::: Records for processing :::
(* Let $0<\alpha<1$, $\theta>0$, and let $\bar Z^{\alpha,\theta}(t)=(M_1(D_{\alpha,\theta}(t)),\dots,M_q(D_{\alpha,\theta}(t)))$. Its Lévy measure $\Pi^{\bar Z}$ is given, for $A_1,\dots,A_q\subseteq\mathbb{N}_0$, by $$\Pi^{\bar Z}(A_1\times\cdots\times A_q)=\frac{\alpha(\lambda+\theta)^\alpha}{\Gamma(1-\alpha)}\sum_{\bar n\succ\bar0}\ \sum_{\substack{\Omega(k_i,n_i)\\ i=1,\dots,q}}\Gamma\Big(\sum_{i=1}^q\sum_{j=1}^{k_i}n_{ij}-\alpha\Big)\prod_{i=1}^q\prod_{j=1}^{k_i}\frac{(\lambda_{ij}/(\lambda+\theta))^{n_{ij}}}{n_{ij}!}\,\mathbb{I}_{\{n_i\in A_i\}}.$$
   Context: Fix $q\ge1$, integers $k_1,\dots,k_q\ge1$, $\lambda_{ij}>0$ ($1\le i\le q$, $1\le j\le k_i$), $\lambda=\sum_{i,j}\lambda_{ij}$. The MGCP $\bar M(t)=(M_1(t),\dots,M_q(t))$ is the $\mathbb{N}_0^q$-valued Lévy process with $\bar M(0)=\bar0$, independent components and $\Pr\{\bar M(t)=\bar n\}=\prod_{i=1}^q\sum_{\Omega(k_i,n_i)}\prod_{j=1}^{k_i}\frac{(\lambda_{ij}t)^{n_{ij}}}{n_{ij}!}e^{-\lambda_{ij}t}$. $\{D_{\alpha,\theta}(t)\}$ is a tempered $\alpha$-stable subordinator independent of $\bar M$: driftless, $\mathbb{E}e^{-sD_{\alpha,\theta}(t)}=e^{-t((s+\theta)^\alpha-\theta^\alpha)}$, Lévy measure $\frac{\alpha}{\Gamma(1-\alpha)}s^{-\alpha-1}e^{-\theta s}\,\mathrm{d}s$. $\Omega(k_i,n_i)=\{(n_{i1},\dots,n_{ik_i})\in\mathbb{N}_0^{k_i}:\sum_jjn_{ij}=n_i\}$; the inner sum runs over families $(n_{ij})$ with $(n_{i1},\dots,n_{ik_i})\in\Omega(k_i,n_i)$ for each $i$. $\bar n\succ\bar0$ means $\bar n\in\mathbb{N}_0^q\setminus\{\bar0\}$. *)

theory Defs
  imports "HOL-Probability.Probability"
begin

text \<open>Points of N_0^q are encoded as functions nat => nat vanishing outside {1..q}.\<close>
definition lattice :: "nat \<Rightarrow> (nat \<Rightarrow> nat) set" where
  "lattice q = {n. \<forall>i. i \<notin> {1..q} \<longrightarrow> n i = 0}"

definition Omega :: "nat \<Rightarrow> nat \<Rightarrow> (nat \<Rightarrow> nat) set" where
  "Omega k m = {v. (\<forall>j. j \<notin> {1..k} \<longrightarrow> v j = 0) \<and> (\<Sum>j=1..k. j * v j) = m}"

definition OmegaFam :: "nat \<Rightarrow> (nat \<Rightarrow> nat) \<Rightarrow> (nat \<Rightarrow> nat) \<Rightarrow> (nat \<Rightarrow> nat \<Rightarrow> nat) set" where
  "OmegaFam q k n = {v. (\<forall>i. i \<notin> {1..q} \<longrightarrow> v i = (\<lambda>_. 0)) \<and> (\<forall>i\<in>{1..q}. v i \<in> Omega (k i) (n i))}"

definition total_rate :: "nat \<Rightarrow> (nat \<Rightarrow> nat) \<Rightarrow> (nat \<Rightarrow> nat \<Rightarrow> real) \<Rightarrow> real" where
  "total_rate q k lam = (\<Sum>i=1..q. \<Sum>j=1..k i. lam i j)"

text \<open>Pr{ M(s) = n } for the MGCP (n in lattice q).\<close>
definition mgcp_pmf :: "nat \<Rightarrow> (nat \<Rightarrow> nat) \<Rightarrow> (nat \<Rightarrow> nat \<Rightarrow> real) \<Rightarrow> real \<Rightarrow> (nat \<Rightarrow> nat) \<Rightarrow> real" where
  "mgcp_pmf q k lam s n =
     (\<Prod>i=1..q. \<Sum>v\<in>Omega (k i) (n i).
        \<Prod>j=1..k i. (lam i j * s) ^ (v j) / fact (v j) * exp (- lam i j * s))"

text \<open>Pr{ M(D(t)) = n } where mu t is the law of D(t), independent of M.\<close>
definition subord_pmf :: "nat \<Rightarrow> (nat \<Rightarrow> nat) \<Rightarrow> (nat \<Rightarrow> nat \<Rightarrow> real) \<Rightarrow> (real \<Rightarrow> real measure)
    \<Rightarrow> real \<Rightarrow> (nat \<Rightarrow> nat) \<Rightarrow> real" where
  "subord_pmf q k lam mu t n = (\<integral>x. mgcp_pmf q k lam x n \<partial>(mu t))"

text \<open>w is the Levy measure (given by its point masses on N_0^q minus 0) of the
  N_0^q-valued Levy process with marginal laws p t: Levy--Khintchine (Laplace) formula
  of a driftless process with nonnegative integer jumps.\<close>
definition is_levy_measure :: "nat \<Rightarrow> (real \<Rightarrow> (nat \<Rightarrow> nat) \<Rightarrow> real) \<Rightarrow> ((nat \<Rightarrow> nat) \<Rightarrow> real) \<Rightarrow> bool" where
  "is_levy_measure q p w \<longleftrightarrow>
     (\<forall>n. 0 \<le> w n) \<and> (\<forall>n. w n \<noteq> 0 \<longrightarrow> n \<in> lattice q \<and> n \<noteq> (\<lambda>_. 0)) \<and>
     w summable_on UNIV \<and>
     (\<forall>t\<ge>0. \<forall>u::nat \<Rightarrow> real. (\<forall>i. 0 \<le> u i) \<longrightarrow>
        (\<Sum>\<^sub>\<infinity>n\<in>lattice q. p t n * exp (- (\<Sum>i=1..q. u i * real (n i)))) =
        exp (- t * (\<Sum>\<^sub>\<infinity>n. (1 - exp (- (\<Sum>i=1..q. u i * real (n i)))) * w n)))"

end

theory Submission
  imports Defs
begin

text \<open>Represent the MGCP as a compound Poisson process: independent Poisson counts N_ij of jumps
  of size j in the i-th component, with M_i = sum_j j N_ij.  Its Laplace exponent is
  phi(u) = sum lambda_ij (1 - exp (- j u_i)), so the subordinated process has Laplace exponent
  (phi(u) + theta)^alpha - theta^alpha.  With c = lambda + theta one has phi(u) + theta = c (1 - B(u)),
  where B(u) = sum (lambda_ij / c) exp (- j u_i) < 1.  Expanding (1 - B)^alpha by the binomial series
  sum_N Gamma(N - alpha) / Gamma(- alpha) B^N / N! and B^N by the multinomial theorem writes this
  exponent as sum_n (1 - exp (- u . n)) w(n) with the stated weights w.  No other weights do so: the
  difference of two candidates, corrected at the origin, has a generating function vanishing on
  (0,1)^q, and a multivariate power series vanishing there has zero coefficients.\<close>

section \<open>Unconditional sums and integrals\<close>

lemma has_sum_diff:
  fixes f g :: "'a \<Rightarrow> 'b :: topological_ab_group_add"
  assumes "(f has_sum a) A" "(g has_sum b) A"
  shows "((\<lambda>x. f x - g x) has_sum (a - b)) A"
proof -
  have "((\<lambda>x. - g x) has_sum (- b)) A"
    using assms(2) by (simp add: has_sum_uminus)
  from has_sum_add[OF assms(1) this] show ?thesis
    by simp
qed

lemma has_sum_fiber_sums:
  fixes g :: "'a \<Rightarrow> real"
  assumes "(g has_sum S) A" "\<And>x. x \<in> A \<Longrightarrow> h x \<in> B"
    "\<And>y. y \<in> B \<Longrightarrow> finite {x\<in>A. h x = y}"
  shows "((\<lambda>y. \<Sum>x\<in>{x\<in>A. h x = y}. g x) has_sum S) B"
proof -
  have "bij_betw (\<lambda>x. (h x, x)) A (Sigma B (\<lambda>y. {x\<in>A. h x = y}))"
    using assms(2) by (auto simp: bij_betw_def inj_on_def)
  with assms(1) have "((\<lambda>(y, x). g x) has_sum S) (Sigma B (\<lambda>y. {x\<in>A. h x = y}))"
    using has_sum_reindex_bij_betw by fastforce
  then show ?thesis
    by (rule has_sum_SigmaD) (auto intro!: has_sum_finiteI assms(3))
qed

lemma has_sum_of_fiber_sums_nonneg:
  fixes g :: "'a \<Rightarrow> real"
  assumes "((\<lambda>y. \<Sum>x\<in>{x\<in>A. h x = y}. g x) has_sum S) B" "\<And>x. x \<in> A \<Longrightarrow> h x \<in> B"
    "\<And>y. y \<in> B \<Longrightarrow> finite {x\<in>A. h x = y}" "\<And>x. x \<in> A \<Longrightarrow> g x \<ge> 0"
  shows "(g has_sum S) A"
proof -
  have bij: "bij_betw (\<lambda>x. (h x, x)) A (Sigma B (\<lambda>y. {x\<in>A. h x = y}))"
    using assms(2) by (auto simp: bij_betw_def inj_on_def)
  have fiber: "((\<lambda>x. (\<lambda>(y, x). g x) (y, x)) has_sum (\<Sum>x\<in>{x\<in>A. h x = y}. g x))
      {x\<in>A. h x = y}"
    if "y \<in> B" for y
    using that by (auto intro!: has_sum_finiteI assms(3))
  have "(\<lambda>(y, x). g x) summable_on (Sigma B (\<lambda>y. {x\<in>A. h x = y}))"
    by (rule summable_on_SigmaI[OF fiber]) (use assms in \<open>auto simp: summable_on_def\<close>)
  with has_sum_SigmaI[OF fiber assms(1)]
  have "((\<lambda>(y, x). g x) has_sum S) (Sigma B (\<lambda>y. {x\<in>A. h x = y}))"
    by simp
  then have "((\<lambda>x. (\<lambda>(y, x). g x) (h x, x)) has_sum S) A"
    using has_sum_reindex_bij_betw[OF bij] by blast
  then show ?thesis
    by simp
qed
:::
• **Task to carry out**
Return all lines in the entries above that carry the word "rule".

• **Response to this task**
    by (rule has_sum_SigmaD) (auto intro!: has_sum_finiteI assms(3))
    by (rule summable_on_SigmaI[OF fiber]) (use assms in \<open>auto simp: summable_on_def\<close>)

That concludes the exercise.